#### WHAT IS BEING ASKED
Find the string "have" in the data, and copy out each line that has it.

#### INPUT MATERIAL
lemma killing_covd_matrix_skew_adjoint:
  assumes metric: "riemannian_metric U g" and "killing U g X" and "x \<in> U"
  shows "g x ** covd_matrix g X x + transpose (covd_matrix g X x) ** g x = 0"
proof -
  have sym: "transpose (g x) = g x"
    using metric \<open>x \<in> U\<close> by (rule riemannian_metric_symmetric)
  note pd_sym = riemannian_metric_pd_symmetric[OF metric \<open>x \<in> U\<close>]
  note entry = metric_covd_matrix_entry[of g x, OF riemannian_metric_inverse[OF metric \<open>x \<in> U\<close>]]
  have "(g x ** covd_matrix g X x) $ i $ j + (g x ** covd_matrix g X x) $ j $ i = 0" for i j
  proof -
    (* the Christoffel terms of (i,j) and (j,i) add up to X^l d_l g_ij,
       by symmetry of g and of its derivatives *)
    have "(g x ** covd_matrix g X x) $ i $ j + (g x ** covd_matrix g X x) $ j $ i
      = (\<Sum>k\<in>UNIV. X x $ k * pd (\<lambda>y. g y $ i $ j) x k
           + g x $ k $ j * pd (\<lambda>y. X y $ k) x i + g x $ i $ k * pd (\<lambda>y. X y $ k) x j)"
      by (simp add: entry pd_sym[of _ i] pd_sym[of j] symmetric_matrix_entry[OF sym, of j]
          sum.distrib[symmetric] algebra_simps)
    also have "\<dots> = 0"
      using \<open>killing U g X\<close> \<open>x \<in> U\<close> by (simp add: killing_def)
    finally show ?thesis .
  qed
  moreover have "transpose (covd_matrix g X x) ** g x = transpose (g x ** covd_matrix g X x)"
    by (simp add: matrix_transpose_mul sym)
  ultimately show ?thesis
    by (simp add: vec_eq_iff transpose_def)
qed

#### RESULT FOR THIS EXERCISE
  have sym: "transpose (g x) = g x"
  have "(g x ** covd_matrix g X x) $ i $ j + (g x ** covd_matrix g X x) $ j $ i = 0" for i j
    have "(g x ** covd_matrix g X x) $ i $ j + (g x ** covd_matrix g X x) $ j $ i
    also have "\<dots> = 0"
  moreover have "transpose (covd_matrix g X x) ** g x = transpose (g x ** covd_matrix g X x)"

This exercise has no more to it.